**Assignment**
Please restate the lines shown below exactly, every one of them.

**** Information provided

lemma Borel_inverse:
  fixes b :: "'a::field mat"
  assumes b: "b \<in> Borel m"
  obtains c where "c \<in> Borel m" "b * c = 1\<^sub>m m" "c * b = 1\<^sub>m m"
proof -
  have bc: "b \<in> carrier_mat m m" "invertible_mat b" using b unfolding Borel_def by auto
  then obtain c where c: "b * c = 1\<^sub>m m" "c * b = 1\<^sub>m (dim_row c)"
    unfolding invertible_mat_def inverts_mat_def by auto
  have cc: "c \<in> carrier_mat m m"
    using c bc(1) by (metis carrier_matD carrier_matI index_mult_mat(2,3) index_one_mat(2,3))
  have "upper_triangular c"
  proof (rule upper_triangularI, rule ccontr)
    fix i j assume ij: "j < i" "i < dim_row c" and nz: "c $$ (i, j) \<noteq> 0"
    have im: "i < m" using ij cc by simp
    then have "\<exists>s<m. c $$ (s, j) \<noteq> 0" using nz by blast
    then obtain r where r: "r < m" "\<forall>s. r < s \<and> s < m \<longrightarrow> c $$ (s, j) = 0"
      "(\<Sum>s<m. b $$ (r, s) * c $$ (s, j)) \<noteq> 0"
      by (rule Borel_mult_last_nonzero[OF b])
    have "i \<le> r" using r(2) nz im by (meson not_le)
    then have "j < r" using ij by simp
    have "(b * c) $$ (r, j) = (\<Sum>s<m. b $$ (r, s) * c $$ (s, j))"
      using \<open>j < r\<close> r(1) by (intro index_mult_mat_sum[OF bc(1) cc]) auto
    then show False using c(1) r(1,3) \<open>j < r\<close> by simp
  qed
  moreover have "c $$ (i, i) \<noteq> 0" if "i < m" for i
  proof -
    have "b $$ (i, i) * c $$ (i, i) = 1"
      using upper_triangular_mult_index[OF bc(1) _ cc \<open>upper_triangular c\<close> that, of i] b c(1) that
      by (simp add: Borel_iff)
    then show ?thesis by auto
  qed
  ultimately have "c \<in> Borel m" using cc by (simp add: Borel_iff)
  then show ?thesis using that c cc by simp
qed

lemma addrow_mat_Borel:
  "k < l \<Longrightarrow> l < n \<Longrightarrow> addrow_mat n a k l \<in> (Borel n :: 'a::field mat set)"
  by (auto simp: Borel_iff upper_triangular_def)

lemma multrow_mat_Borel:
  "a \<noteq> 0 \<Longrightarrow> multrow_mat n k a \<in> (Borel n :: 'a::field mat set)"
  by (auto simp: Borel_iff upper_triangular_def)

lemma mat_delete_0_0_index [simp]:
  "i < dim_row A - 1 \<Longrightarrow> j < dim_col A - 1 \<Longrightarrow> mat_delete A 0 0 $$ (i, j) = A $$ (Suc i, Suc j)"
  by (simp add: mat_delete_def)

lemma mat_delete_Borel:
  "b \<in> Borel (Suc m) \<Longrightarrow> mat_delete b 0 0 \<in> (Borel m :: 'a::field mat set)"
  by (auto simp: Borel_iff upper_triangular_def mat_delete_carrier[of _ "Suc m" "Suc m", simplified])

********

**Answer area**
lemma Borel_inverse:
  fixes b :: "'a::field mat"
  assumes b: "b \<in> Borel m"
  obtains c where "c \<in> Borel m" "b * c = 1\<^sub>m m" "c * b = 1\<^sub>m m"
proof -
  have bc: "b \<in> carrier_mat m m" "invertible_mat b" using b unfolding Borel_def by auto
  then obtain c where c: "b * c = 1\<^sub>m m" "c * b = 1\<^sub>m (dim_row c)"
    unfolding invertible_mat_def inverts_mat_def by auto
  have cc: "c \<in> carrier_mat m m"
    using c bc(1) by (metis carrier_matD carrier_matI index_mult_mat(2,3) index_one_mat(2,3))
  have "upper_triangular c"
  proof (rule upper_triangularI, rule ccontr)
    fix i j assume ij: "j < i" "i < dim_row c" and nz: "c $$ (i, j) \<noteq> 0"
    have im: "i < m" using ij cc by simp
    then have "\<exists>s<m. c $$ (s, j) \<noteq> 0" using nz by blast
    then obtain r where r: "r < m" "\<forall>s. r < s \<and> s < m \<longrightarrow> c $$ (s, j) = 0"
      "(\<Sum>s<m. b $$ (r, s) * c $$ (s, j)) \<noteq> 0"
      by (rule Borel_mult_last_nonzero[OF b])
    have "i \<le> r" using r(2) nz im by (meson not_le)
    then have "j < r" using ij by simp
    have "(b * c) $$ (r, j) = (\<Sum>s<m. b $$ (r, s) * c $$ (s, j))"
      using \<open>j < r\<close> r(1) by (intro index_mult_mat_sum[OF bc(1) cc]) auto
    then show False using c(1) r(1,3) \<open>j < r\<close> by simp
  qed
  moreover have "c $$ (i, i) \<noteq> 0" if "i < m" for i
  proof -
    have "b $$ (i, i) * c $$ (i, i) = 1"
      using upper_triangular_mult_index[OF bc(1) _ cc \<open>upper_triangular c\<close> that, of i] b c(1) that
      by (simp add: Borel_iff)
    then show ?thesis by auto
  qed
  ultimately have "c \<in> Borel m" using cc by (simp add: Borel_iff)
  then show ?thesis using that c cc by simp
qed

lemma addrow_mat_Borel:
  "k < l \<Longrightarrow> l < n \<Longrightarrow> addrow_mat n a k l \<in> (Borel n :: 'a::field mat set)"
  by (auto simp: Borel_iff upper_triangular_def)

lemma multrow_mat_Borel:
  "a \<noteq> 0 \<Longrightarrow> multrow_mat n k a \<in> (Borel n :: 'a::field mat set)"
  by (auto simp: Borel_iff upper_triangular_def)

lemma mat_delete_0_0_index [simp]:
  "i < dim_row A - 1 \<Longrightarrow> j < dim_col A - 1 \<Longrightarrow> mat_delete A 0 0 $$ (i, j) = A $$ (Suc i, Suc j)"
  by (simp add: mat_delete_def)

lemma mat_delete_Borel:
  "b \<in> Borel (Suc m) \<Longrightarrow> mat_delete b 0 0 \<in> (Borel m :: 'a::field mat set)"
  by (auto simp: Borel_iff upper_triangular_def mat_delete_carrier[of _ "Suc m" "Suc m", simplified])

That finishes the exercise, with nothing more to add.